In concentrating on the problems for stony corals with this system we are targeting it's weakest point. Actually, microcosm and mesocosm systems employing algal turf scrubbers exclusively with no other forms of filtration work beautifully for nutrient rich ecosystems such as salt marshes and seagrass meadows, and can be employed with success for the maintenance of highly productive tropical reef ecosystems, but since we have observed that stony corals grow better in systems employing protein skimming and trace element addition, we feel it is important to point out the shortcomings of algal turf scrubbing as the sole filtration for a model coral reef ecosvstem. When other forms of filtration are employed to remove the organic leachates from the water, and trace element supplements are added, corals do thrive in systems using algal turf scrubbers (J. Sprung and J.C. Delbeek, pers. obs.) The philosophy of creating complex food webs and whole ecosystem models is good, and we wish to promote it. However, in our opinion the use of algae as a filter does not create a reef ecosystem, it hinders it.
It must be pointed out that fish do extremely well in these systems, often with no feeding at all. If combined with protein skimming and GAC or ozone, algal scrubbers may yet prove to be very useful for large fish displays.
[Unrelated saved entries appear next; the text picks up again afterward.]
text \<open>Finite version of the minimax inequality, by induction on the number of competitors:
  the new competitor y0 is merged with the one obtained on the superlevel set of y0
  via the two-function lemma and convexity in the second variable.\<close>
lemma finite_minimax:
  fixes f :: "'x::real_normed_vector \<Rightarrow> 'y::real_vector \<Rightarrow> real"
  assumes cont: "\<forall>y\<in>Y. continuous_on K (\<lambda>x. f x y)"
    and conc: "\<forall>y\<in>Y. concave_on K (\<lambda>x. f x y)"
    and conv: "\<forall>x\<in>K. convex_on Y (f x)"
    and Y: "convex Y" "Y \<noteq> {}"
  shows "\<lbrakk>finite Y0; Y0 \<subseteq> Y; L \<subseteq> K; compact L; convex L; \<forall>x\<in>L. \<exists>y\<in>Y0. f x y < c\<rbrakk>
    \<Longrightarrow> \<exists>y\<in>Y. \<forall>x\<in>L. f x y < c"
proof (induction Y0 arbitrary: L rule: finite_induct)
  case empty
  then show ?case using Y(2) by auto
next
  case (insert y0 Y0)
  have y0: "y0 \<in> Y" using insert by auto
  have cont0: "continuous_on L (\<lambda>x. f x y0)"
    using cont y0 insert.prems(2) continuous_on_subset by blast
  have conc0: "concave_on L (\<lambda>x. f x y0)"
    using conc y0 insert.prems(2,4) concave_on_def convex_on_subset by metis
  define L' where "L' = {x\<in>L. c \<le> f x y0}"
  have "closed L'"
    using continuous_closed_preimage[OF cont0 compact_imp_closed[OF insert.prems(3)], of "{c..}"]
    unfolding L'_def by (simp add: vimage_def Int_def)
  then have "compact L'" using insert.prems(3) unfolding L'_def
    by (metis (no_types, lifting) compact_Int_closed inf.absorb_iff2 mem_Collect_eq subsetI)
  moreover have "convex L'" unfolding L'_def by (rule concave_superlevel_convex[OF conc0])
  moreover have "\<forall>x\<in>L'. \<exists>y\<in>Y0. f x y < c" using insert.prems(5) unfolding L'_def by force
  ultimately obtain y1 where y1: "y1 \<in> Y" "\<forall>x\<in>L'. f x y1 < c"
    using insert.IH[of L'] insert.prems(1,2) unfolding L'_def by auto
  have cont1: "continuous_on L (\<lambda>x. f x y1)"
    using cont y1 insert.prems(2) continuous_on_subset by blast
  have conc1: "concave_on L (\<lambda>x. f x y1)"
    using conc y1 insert.prems(2,4) concave_on_def convex_on_subset by metis
  have "\<forall>x\<in>L. min (f x y1) (f x y0) < c" using y1(2) unfolding L'_def by force
  then obtain t where t: "t \<in> {0..1}" "\<forall>x\<in>L. (1 - t) * f x y1 + t * f x y0 < c"
    using two_function_minimax[OF insert.prems(3,4) cont1 cont0 conc1 conc0] by blast
  show ?case
  proof (intro bexI[of _ "(1 - t) *\<^sub>R y1 + t *\<^sub>R y0"] ballI)
    fix x assume x: "x \<in> L"
    have "f x ((1 - t) *\<^sub>R y1 + t *\<^sub>R y0) \<le> (1 - t) * f x y1 + t * f x y0"
      using convex_onD[of Y "f x"] conv x insert.prems(2) t(1) y1(1) y0 by auto
    then show "f x ((1 - t) *\<^sub>R y1 + t *\<^sub>R y0) < c" using t(2) x by fastforce
  next
    show "(1 - t) *\<^sub>R y1 + t *\<^sub>R y0 \<in> Y" using Y(1) y1 y0 t by (simp add: convex_alt)
  qed
qed

text \<open>Compactness reduces a strict
  gap to the finite version.\<close>
lemma minimax_ereal:
  fixes f :: "'x::real_normed_vector \<Rightarrow> 'y::real_vector \<Rightarrow> real"
  assumes K: "compact K" "convex K"
    and cont: "\<forall>y\<in>Y. continuous_on K (\<lambda>x. f x y)"
    and conc: "\<forall>y\<in>Y. concave_on K (\<lambda>x. f x y)"
    and conv: "\<forall>x\<in>K. convex_on Y (f x)"
    and Y: "convex Y" "Y \<noteq> {}"
  shows "(SUP x\<in>K. INF y\<in>Y. ereal (f x y)) = (INF y\<in>Y. SUP x\<in>K. ereal (f x y))"
proof (rule antisym)
  show "(SUP x\<in>K. INF y\<in>Y. ereal (f x y)) \<le> (INF y\<in>Y. SUP x\<in>K. ereal (f x y))"
  proof (intro SUP_least INF_greatest)
    fix x y assume "x \<in> K" "y \<in> Y"
    have "(INF y\<in>Y. ereal (f x y)) \<le> ereal (f x y)" using \<open>y \<in> Y\<close> by (rule INF_lower)
    also have "\<dots> \<le> (SUP x\<in>K. ereal (f x y))" using \<open>x \<in> K\<close> by (rule SUP_upper)
    finally show "(INF y\<in>Y. ereal (f x y)) \<le> (SUP x\<in>K. ereal (f x y))" .
  qed
next
  show "(INF y\<in>Y. SUP x\<in>K. ereal (f x y)) \<le> (SUP x\<in>K. INF y\<in>Y. ereal (f x y))"
  proof (rule ccontr)
    assume "\<not> ?thesis"
    then have "(SUP x\<in>K. INF y\<in>Y. ereal (f x y)) < (INF y\<in>Y. SUP x\<in>K. ereal (f x y))" by simp
    then obtain c where c: "(SUP x\<in>K. INF y\<in>Y. ereal (f x y)) < ereal c"
      "ereal c < (INF y\<in>Y. SUP x\<in>K. ereal (f x y))"
      using ereal_dense2 by blast
    have cover: "\<forall>x\<in>K. \<exists>y\<in>Y. f x y < c"
    proof
      fix x assume "x \<in> K"
      then have "(INF y\<in>Y. ereal (f x y)) \<le> (SUP x\<in>K. INF y\<in>Y. ereal (f x y))"
        by (rule SUP_upper)
      then have "(INF y\<in>Y. ereal (f x y)) < ereal c" using c(1) by (rule le_less_trans)
      then show "\<exists>y\<in>Y. f x y < c" unfolding INF_less_iff by auto
    qed
    have "\<forall>y\<in>Y. \<exists>U. open U \<and> U \<inter> K = (\<lambda>x. f x y) -` {..<c} \<inter> K"
    proof
      fix y assume "y \<in> Y"
      then have "continuous_on K (\<lambda>x. f x y)" using cont by blast
      then show "\<exists>U. open U \<and> U \<inter> K = (\<lambda>x. f x y) -` {..<c} \<inter> K"
        unfolding continuous_on_open_invariant by simp
    qed
    then obtain U where U: "\<forall>y\<in>Y. open (U y) \<and> U y \<inter> K = (\<lambda>x. f x y) -` {..<c} \<inter> K"
      by (rule exE[OF bchoice])
    have "K \<subseteq> (\<Union>y\<in>Y. U y)"
    proof
      fix x assume "x \<in> K"
      then obtain y where "y \<in> Y" "f x y < c" using cover by blast
      then show "x \<in> (\<Union>y\<in>Y. U y)" using U \<open>x \<in> K\<close> by blast
    qed
    then obtain Y0 where Y0: "Y0 \<subseteq> Y" "finite Y0" "K \<subseteq> (\<Union>y\<in>Y0. U y)"
      using compactE_image[OF K(1), of Y U] U by blast
    have "\<forall>x\<in>K. \<exists>y\<in>Y0. f x y < c"
    proof
      fix x assume "x \<in> K"
      then obtain y where "y \<in> Y0" "x \<in> U y" using Y0(3) by blast
      then show "\<exists>y\<in>Y0. f x y < c" using U Y0(1) \<open>x \<in> K\<close> by blast
    qed
    then obtain y where y: "y \<in> Y" "\<forall>x\<in>K. f x y < c"
      using finite_minimax[OF cont conc conv Y Y0(2,1) order_refl K] by blast
    have "(INF y\<in>Y. SUP x\<in>K. ereal (f x y)) \<le> (SUP x\<in>K. ereal (f x y))"
      using y(1) by (rule INF_lower)
    also have "\<dots> \<le> ereal c" using y(2) by (intro SUP_least) auto
    finally show False using c(2) by simp
  qed
qed

lemma cball_in_finite_hull:
  fixes c0 :: "'v::euclidean_space"
  obtains V where "finite V" "cball c0 1 \<subseteq> convex hull V"
proof -
  obtain V where V: "finite V"
    "cbox (c0 - (\<Sum>i\<in>Basis. 1 *\<^sub>R i)) (c0 + (\<Sum>i\<in>Basis. 1 *\<^sub>R i)) = convex hull V"
    using cube_convex_hull[of 1 c0] by auto
  have "c \<in> convex hull V" if "c \<in> cball c0 1" for c
  proof -
    have "\<bar>(c - c0) \<bullet> i\<bar> \<le> 1" if "i \<in> Basis" for i
      using Basis_le_norm[OF that, of "c - c0"] \<open>c \<in> cball c0 1\<close> by (simp add: dist_norm norm_minus_commute)
    then have "c \<in> cbox (c0 - (\<Sum>i\<in>Basis. 1 *\<^sub>R i)) (c0 + (\<Sum>i\<in>Basis. 1 *\<^sub>R i))"
      unfolding mem_box by (auto simp: inner_diff_left inner_add_left abs_le_iff) (smt (verit, best))+
    then show ?thesis using V(2) by simp
  qed
  then show thesis using that V(1) by blast
qed

text \<open>A convex function bounded above by B on the unit ball around c0 is Lipschitz at c0
  with constant B - h c0 (compare h along the ray through c and its reflection).\<close>
lemma convex_on_local_lipschitz:
  fixes h :: "'v::real_normed_vector \<Rightarrow> real"
  assumes cv: "convex_on UNIV h" and bound: "\<forall>c\<in>cball c0 1. h c \<le> B"
    and c: "dist c c0 \<le> 1"
  shows "\<bar>h c - h c0\<bar> \<le> (B - h c0) * dist c c0"
proof (cases "c = c0")
  case False
  define s where "s = dist c c0"
  have s: "0 < s" "s \<le> 1" using False c s_def by auto
  define e where "e = c0 + (1/s) *\<^sub>R (c - c0)"
  define e' where "e' = c0 - (1/s) *\<^sub>R (c - c0)"
  have "h e \<le> B" "h e' \<le> B"
    using bound s unfolding e_def e'_def s_def by (auto simp: dist_norm)
  have "c = (1 - s) *\<^sub>R c0 + s *\<^sub>R e" unfolding e_def using s by (simp add: algebra_simps)
  then have "h c \<le> (1 - s) * h c0 + s * h e"
    using s convex_onD[OF cv, of s c0 e] by simp
  also have "\<dots> \<le> (1 - s) * h c0 + s * B" using \<open>h e \<le> B\<close> s by simp
  finally have upper: "h c - h c0 \<le> s * (B - h c0)" by (simp add: algebra_simps)
  have "c0 = (1 - s / (1 + s)) *\<^sub>R c + (s / (1 + s)) *\<^sub>R e'"
  proof -
    have "(1 - s / (1 + s)) *\<^sub>R c + (s / (1 + s)) *\<^sub>R e'
        = (1 / (1 + s)) *\<^sub>R ((1 + s) *\<^sub>R c0)"
      unfolding e'_def using s by (simp add: field_simps algebra_simps scaleR_add_left[symmetric])
    then show ?thesis using s by simp
  qed
  then have "h c0 \<le> (1 - s / (1 + s)) * h c + (s / (1 + s)) * h e'"
    using s convex_onD[OF cv, of "s / (1 + s)" c e'] by simp
  also have "\<dots> \<le> (1 - s / (1 + s)) * h c + (s / (1 + s)) * B"
    using \<open>h e' \<le> B\<close> s by (simp add: divide_right_mono mult_left_mono)
  also have "\<dots> = (h c + s * B) / (1 + s)"
  proof -
    have "1 - s / (1 + s) = 1 / (1 + s)" using s by (simp add: field_simps)
    then show ?thesis by (simp add: add_divide_distrib)
  qed
  finally have lower: "h c0 - h c \<le> s * (B - h c0)" using s by (simp add: field_simps)
  show ?thesis using upper lower unfolding s_def by (simp add: abs_le_iff mult.commute)
qed simp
We would like to see more fish exhibits either using algal turf scrubbers or encouraging more natural growth in the aquarium, instead of the current trend in public aquaria of maintaining nearly sterile rock-work. The benefits are many. The fish stay healthy, they hardly need to be fed, and since nitrate doesn't accumulate, less water needs to be changed. All of these benefits afford a significant cost savings on maintenance. Furthermore, less labor is involved in the cleaning of the aquarium, though the cleaning of algal turf screens is admittedly labor intensive on large systems. Live rock can provide most of the same benefits without the maintenance time. A system with living rock and a deep sand substrate does not require algal turf scrubbers to maintain low nitrates and phosphates, and when protein skimming and GAC are employed, accumulation of organic substances is avoided.